芝生のある風景 水田の風景
2007/09/04
夏欧米を旅行すると日本ではめったに聞かれない音を聞く。芝刈り機の音である。
特にアメリカの住宅地では、夕食後や土曜日の朝、あちこちでエンジン芝刈り機の音が聞こえてくる。どこの家にも芝生があり、芝生の手入れをすることがよき隣人の証である。
芝生はもともとイギリスでは、牧場のイメージを庭に持ち込んだものと聞いたことがある。そう云えば、スコットランドで、広大な園内に羊が放し飼いされている庭園を見たことがある。
アメリカでは、社会的に成功した人の一つの夢として、田舎に農園を持ち馬を飼ううことと聞く。アメリカの大統領が外国の要人を、親しい友人として招く演出として農園を利用しているのをニュースで見る。

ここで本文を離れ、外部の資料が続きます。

(* For every positive integer $n$ and every $k\in\{0,1,\dots,n\}$, $$\sum_{\substack{J\subseteq[n]\\ |J|=n-k}}\ \prod_{i=1}^n\,[\operatorname{st}^B_i(J)+1]_q\;=\;[2k]!!_q\cdot\operatorname{Stir}^B_q(n,k).$$
   Context: $[m]_q=1+q+\dots+q^{m-1}$ for integers $m\ge1$. The $q$-double factorial is $[m]!!_q=[m]_q[m-2]_q[m-4]_q\cdots$, the product ending at $[1]_q$ or $[2]_q$ according to the parity of $m$, with $[0]!!_q=1$; thus $[2k]!!_q=[2k]_q[2k-2]_q\cdots[2]_q$. The type $B$ $q$-Stirling numbers $\operatorname{Stir}^B_q(n,k)$ are defined by $\operatorname{Stir}^B_q(0,k)=1$ if $k=0$ and $0$ otherwise, and for $n\ge1$ by $\operatorname{Stir}^B_q(n,k)=\operatorname{Stir}^B_q(n-1,k-1)+[2k+1]_q\operatorname{Stir}^B_q(n-1,k)$ (with $\operatorname{Stir}^B_q(n-1,-1)=0$). For $J\subseteq[n]$ and $i\in[n]$, the type $B$ $J$-staircase is $\operatorname{st}^B_i(J)=2\,|\{1,\dots,i-1\}\setminus J|+[i\notin J]$, where $[P]$ is $1$ if $P$ holds and $0$ otherwise. *)

theory Defs
  imports Main
begin

definition qint :: "'a::comm_semiring_1 \<Rightarrow> nat \<Rightarrow> 'a" where
  "qint q m = (\<Sum>i<m. q ^ i)"

fun qdfact :: "'a::comm_semiring_1 \<Rightarrow> nat \<Rightarrow> 'a" where
  "qdfact q 0 = 1"
| "qdfact q (Suc 0) = 1"
| "qdfact q (Suc (Suc m)) = qint q (Suc (Suc m)) * qdfact q m"

fun stirB :: "'a::comm_semiring_1 \<Rightarrow> nat \<Rightarrow> nat \<Rightarrow> 'a" where
  "stirB q 0 k = (if k = 0 then 1 else 0)"
| "stirB q (Suc n) k =
     (if k = 0 then 0 else stirB q n (k - 1)) + qint q (2 * k + 1) * stirB q n k"

definition stB :: "nat set \<Rightarrow> nat \<Rightarrow> nat" where
  "stB J i = 2 * card ({1..<i} - J) + (if i \<notin> J then 1 else 0)"

end

theory Submission
  imports Defs
begin

text \<open>
  Index the sum by the number k of points of {1..n} missing from J, and split the
  subsets of {1..n+1} according to whether they contain n+1. The staircase values at
  positions i \<le> n do not see n+1, and at position n+1 the staircase equals 2k+1 if
  n+1 \<notin> J and 2k if n+1 \<in> J. Hence the sum obeys
  S(n+1,k) = [2k]_q S(n,k-1) + [2k+1]_q S(n,k), which is the recurrence of
  Stir^B_q multiplied through by [2k]!!_q = [2k]_q [2k-2]!!_q.
\<close>

lemma sum_Pow_insert:
  assumes "finite A" and "a \<notin> A"
  shows "(\<Sum>J\<in>Pow (insert a A). f J) = (\<Sum>J\<in>Pow A. f J) + (\<Sum>J\<in>Pow A. f (insert a J))"
proof -
  have "(\<Sum>J\<in>Pow (insert a A). f J) = (\<Sum>J\<in>Pow A. f J) + (\<Sum>J\<in>insert a ` Pow A. f J)"
    unfolding Pow_insert by (rule sum.union_disjoint) (use assms in auto)
  also have "(\<Sum>J\<in>insert a ` Pow A. f J) = (\<Sum>J\<in>Pow A. f (insert a J))"
    by (subst sum.reindex) (use assms in \<open>auto intro!: inj_onI simp: o_def\<close>)
  finally show ?thesis .
qed

lemma stB_insert_greater:
  assumes "i < m"
  shows "stB (insert m J) i = stB J i"
proof -
  have "{1..<i} - insert m J = {1..<i} - J" using assms by auto
  then show ?thesis using assms unfolding stB_def by simp
qed

lemma stB_Suc_notin: "J \<subseteq> {1..n} \<Longrightarrow> stB J (Suc n) = 2 * card ({1..n} - J) + 1"
  unfolding stB_def by (auto simp: atLeastLessThanSuc_atLeastAtMost)

lemma stB_Suc_insert: "J \<subseteq> {1..n} \<Longrightarrow> stB (insert (Suc n) J) (Suc n) = 2 * card ({1..n} - J)"
proof -
  have "{1..<Suc n} - insert (Suc n) J = {1..n} - J" by auto
  then show ?thesis unfolding stB_def by simp
qed

lemma card_Diff_insert_Suc:
  "card ({1..Suc n} - insert (Suc n) J) = card ({1..n} - J)"
proof -
  have "{1..Suc n} - insert (Suc n) J = {1..n} - J" by auto
  then show ?thesis by simp
qed

lemma card_Diff_Suc:
  "J \<subseteq> {1..n} \<Longrightarrow> card ({1..Suc n} - J) = Suc (card ({1..n} - J))"
proof -
  assume "J \<subseteq> {1..n}"
  then have "{1..Suc n} - J = insert (Suc n) ({1..n} - J)" by auto
  then show ?thesis by simp
qed

definition staircase_weight :: "'a::comm_semiring_1 \<Rightarrow> nat \<Rightarrow> nat set \<Rightarrow> 'a" where
  "staircase_weight q n J = (\<Prod>i=1..n. qint q (stB J i + 1))"

text \<open>Indexing by the number k of missing points, rather than by card J = n - k, keeps the
  sum meaningful (and zero) for k > n, so its recurrence holds without side conditions.\<close>

definition staircase_sum :: "'a::comm_semiring_1 \<Rightarrow> nat \<Rightarrow> nat \<Rightarrow> 'a" where
  "staircase_sum q n k =
     (\<Sum>J | J \<subseteq> {1..n} \<and> card ({1..n} - J) = k. staircase_weight q n J)"

lemma staircase_weight_Suc:
  "J \<subseteq> {1..n} \<Longrightarrow>
     staircase_weight q (Suc n) J = qint q (2 * card ({1..n} - J) + 2) * staircase_weight q n J"
  unfolding staircase_weight_def by (simp add: prod.nat_ivl_Suc' stB_Suc_notin mult.commute)

lemma staircase_weight_Suc_insert:
  assumes "J \<subseteq> {1..n}"
  shows "staircase_weight q (Suc n) (insert (Suc n) J) =
           qint q (2 * card ({1..n} - J) + 1) * staircase_weight q n J"
proof -
  have "(\<Prod>i=1..n. qint q (stB (insert (Suc n) J) i + 1)) = staircase_weight q n J"
    unfolding staircase_weight_def by (rule prod.cong) (auto simp: stB_insert_greater)
  then show ?thesis
    unfolding staircase_weight_def
    by (simp add: prod.nat_ivl_Suc' stB_Suc_insert[OF assms] mult.commute)
qed

lemma staircase_sum_conv_Pow:
  "staircase_sum q n k =
     (\<Sum>J\<in>Pow {1..n}. if card ({1..n} - J) = k then staircase_weight q n J else 0)"
  unfolding staircase_sum_def by (subst sum.inter_filter [symmetric]) (auto simp: Pow_def)

lemma staircase_sum_0: "staircase_sum q 0 k = (if k = 0 then 1 else 0)"
  by (simp add: staircase_sum_conv_Pow staircase_weight_def)

lemma staircase_sum_Suc:
  "staircase_sum q (Suc n) k =
     (if k = 0 then 0 else qint q (2 * k) * staircase_sum q n (k - 1))
     + qint q (2 * k + 1) * staircase_sum q n k"
proof -
  have split_Pow: "(\<Sum>J\<in>Pow {1..Suc n}. f J) =
      (\<Sum>J\<in>Pow {1..n}. f J) + (\<Sum>J\<in>Pow {1..n}. f (insert (Suc n) J))" for f :: "nat set \<Rightarrow> 'a"
    using sum_Pow_insert[of "{1..n}" "Suc n" f] by (simp add: atLeastAtMostSuc_conv)
  have notin: "(if Suc (card ({1..n} - J)) = k then staircase_weight q (Suc n) J else 0) =
      (if k = 0 then 0 else
         qint q (2 * k) * (if card ({1..n} - J) = k - 1 then staircase_weight q n J else 0))"
    if "J \<in> Pow {1..n}" for J
    using that by (cases k) (auto simp: staircase_weight_Suc)
  have ins: "(if card ({1..n} - J) = k then staircase_weight q (Suc n) (insert (Suc n) J) else 0) =
      qint q (2 * k + 1) * (if card ({1..n} - J) = k then staircase_weight q n J else 0)"
    if "J \<in> Pow {1..n}" for J
    using that by (auto simp: staircase_weight_Suc_insert)
  have "staircase_sum q (Suc n) k =
      (\<Sum>J\<in>Pow {1..n}. if Suc (card ({1..n} - J)) = k then staircase_weight q (Suc n) J else 0)
    + (\<Sum>J\<in>Pow {1..n}. if card ({1..n} - J) = k
                          then staircase_weight q (Suc n) (insert (Suc n) J) else 0)"
    unfolding staircase_sum_conv_Pow split_Pow
    by (intro arg_cong2[where f = "(+)"] sum.cong)
      (simp_all only: Pow_iff card_Diff_Suc card_Diff_insert_Suc)
  also have "\<dots> =
      (\<Sum>J\<in>Pow {1..n}. if k = 0 then 0 else
         qint q (2 * k) * (if card ({1..n} - J) = k - 1 then staircase_weight q n J else 0))
    + (\<Sum>J\<in>Pow {1..n}.
         qint q (2 * k + 1) * (if card ({1..n} - J) = k then staircase_weight q n J else 0))"
    by (intro arg_cong2[where f = "(+)"] sum.cong refl notin ins)
  also have "\<dots> = (if k = 0 then 0 else qint q (2 * k) * staircase_sum q n (k - 1))
                  + qint q (2 * k + 1) * staircase_sum q n k"
    by (simp add: staircase_sum_conv_Pow sum_distrib_left)
  finally show ?thesis .
qed

lemma staircase_sum_eq_stirB: "staircase_sum q n k = qdfact q (2 * k) * stirB q n k"
proof (induction n arbitrary: k)
  case 0
  then show ?case by (simp add: staircase_sum_0)
next
  case (Suc n)
  show ?case
  proof (cases k)
    case 0
    then show ?thesis by (simp add: staircase_sum_Suc Suc.IH qint_def)
  next
    case (Suc k')
    then have "qdfact q (2 * k) = qint q (2 * k) * qdfact q (2 * k')" by simp
    then show ?thesis by (simp add: staircase_sum_Suc Suc.IH \<open>k = Suc k'\<close> algebra_simps)
  qed
qed

theorem mainTheorem1:
  fixes q :: "'a::comm_ring_1" and n k :: nat
  assumes "n \<ge> 1" and "k \<le> n"
  shows "(\<Sum>J\<in>{J. J \<subseteq> {1..n} \<and> card J = n - k}.
            \<Prod>i=1..n. qint q (stB J i + 1))
         = qdfact q (2 * k) * stirB q n k"
proof -
  have "card ({1..n} - J) = k \<longleftrightarrow> card J = n - k" if "J \<subseteq> {1..n}" for J
    using that assms(2) card_mono[OF _ that] by (auto simp: card_Diff_subset finite_subset)
  then have "{J. J \<subseteq> {1..n} \<and> card J = n - k} = {J. J \<subseteq> {1..n} \<and> card ({1..n} - J) = k}"
    by blast
  then show ?thesis
    using staircase_sum_eq_stirB[of q n k] by (simp add: staircase_sum_def staircase_weight_def)
qed

end
(* Consider the path graph on $n$ nodes with Laplacian $L_n$ and a set of control (observation) nodes $I_o=\{i_1<i_2<\dots<i_m\}\subset\{1,\dots,n\}$. The path is reachable (observable) from $I_o$ if and only if the matrices $N_{i_1-1}, M_{i_2-i_1-1},\dots,M_{i_m-i_{m-1}-1}, N_{n-i_m}$ do not have a common eigenvalue (an eigenvalue shared by all of them). The eigenvalues common to all these matrices are exactly the unreachable (unobservable) eigenvalues of $L_n$ from $I_o$.
   Context: The path graph on nodes $\{1,\dots,n\}$ has edges $\{i,i+1\}$; $L_n$ is tridiagonal with diagonal $(1,2,\dots,2,1)$ and off-diagonal $-1$. With $B=[e_{i_1}|\cdots|e_{i_m}]$, reachable from $I_o$ means $(L_n,B)$ is reachable, observable means $(L_n,B^T)$ is observable. An unreachable (unobservable) eigenvalue is $\lambda$ such that some $v\ne0$ satisfies $L_nv=\lambda v$ and $(v)_j=0$ for all $j\in I_o$. $N_\nu$ ($\nu\times\nu$) is tridiagonal with diagonal $(1,2,\dots,2)$ and off-diagonal $-1$; $M_\mu$ ($\mu\times\mu$) is tridiagonal with diagonal all $2$ and off-diagonal $-1$. A matrix of size $0\times0$ is regarded as having no eigenvalues. *)

theory Defs
  imports "Jordan_Normal_Form.DL_Rank" "Jordan_Normal_Form.Char_Poly"
begin

(* All matrices are 0-indexed (Jordan_Normal_Form); node j in {1..n} of the paper
   corresponds to row/column index j - 1. *)

definition path_laplacian :: "nat \<Rightarrow> real mat" where
  "path_laplacian n = mat n n (\<lambda>(i,j).
     if i = j then (if 0 < i then 1 else 0) + (if i + 1 < n then 1 else 0)
     else if i + 1 = j \<or> j + 1 = i then -1 else 0)"

definition N_mat :: "nat \<Rightarrow> real mat" where
  "N_mat \<nu> = mat \<nu> \<nu> (\<lambda>(i,j).
     if i = j then (if i = 0 then 1 else 2)
     else if i + 1 = j \<or> j + 1 = i then -1 else 0)"

definition M_mat :: "nat \<Rightarrow> real mat" where
  "M_mat \<mu> = mat \<mu> \<mu> (\<lambda>(i,j).
     if i = j then 2
     else if i + 1 = j \<or> j + 1 = i then -1 else 0)"

definition input_mat :: "nat \<Rightarrow> nat list \<Rightarrow> real mat" where
  "input_mat n is = mat n (length is) (\<lambda>(i,k). if i = is ! k - 1 then 1 else 0)"

(* Kalman controllability matrix [B, AB, ..., A^(n-1) B] *)
definition ctrb_mat :: "real mat \<Rightarrow> real mat \<Rightarrow> real mat" where
  "ctrb_mat A B = mat (dim_row A) (dim_row A * dim_col B)
     (\<lambda>(i,j). (A ^\<^sub>m (j div dim_col B) * B) $$ (i, j mod dim_col B))"

(* Kalman observability matrix [C; CA; ...; C A^(n-1)] *)
definition obsv_mat :: "real mat \<Rightarrow> real mat \<Rightarrow> real mat" where
  "obsv_mat A C = mat (dim_row C * dim_col A) (dim_col A)
     (\<lambda>(i,j). (C * A ^\<^sub>m (i div dim_row C)) $$ (i mod dim_row C, j))"

definition reachable :: "real mat \<Rightarrow> real mat \<Rightarrow> bool" where
  "reachable A B \<longleftrightarrow> vec_space.rank (dim_row A) (ctrb_mat A B) = dim_row A"

definition observable :: "real mat \<Rightarrow> real mat \<Rightarrow> bool" where
  "observable A C \<longleftrightarrow>
     vec_space.rank (dim_row (obsv_mat A C)) (obsv_mat A C) = dim_col A"

definition unreachable_eigenvalue :: "nat \<Rightarrow> nat set \<Rightarrow> real \<Rightarrow> bool" where
  "unreachable_eigenvalue n Io x \<longleftrightarrow>
     (\<exists>v. eigenvector (path_laplacian n) v x \<and> (\<forall>j\<in>Io. v $ (j - 1) = 0))"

日本の庭園は、様式、芸術性、繊細さ、どれをとっても世界に冠たるものとして欧米の知識人の間では知られている。ただ、宮中や神社にはあるようだが、日本式庭園に水田が組み込まれていないのはどうしてだろう。蓮や、睡蓮、菖蒲など水生の植物を庭の植生としているのに、日本人の米に対する思い入れは絶対でり、水田の美しさは、単に風景としてだけでなく、宗教的な心情もあったと思うが、庭園に取り込む発想が生まれなかったのを不思議に思う。
右は、実り始めた水田を前面に、背景に小公園を取り入れた日本の風景。
この画面全体を庭園として見られないだろうか。 上の映像は Old Westbury Garden NY の庭園の芝生とその背景。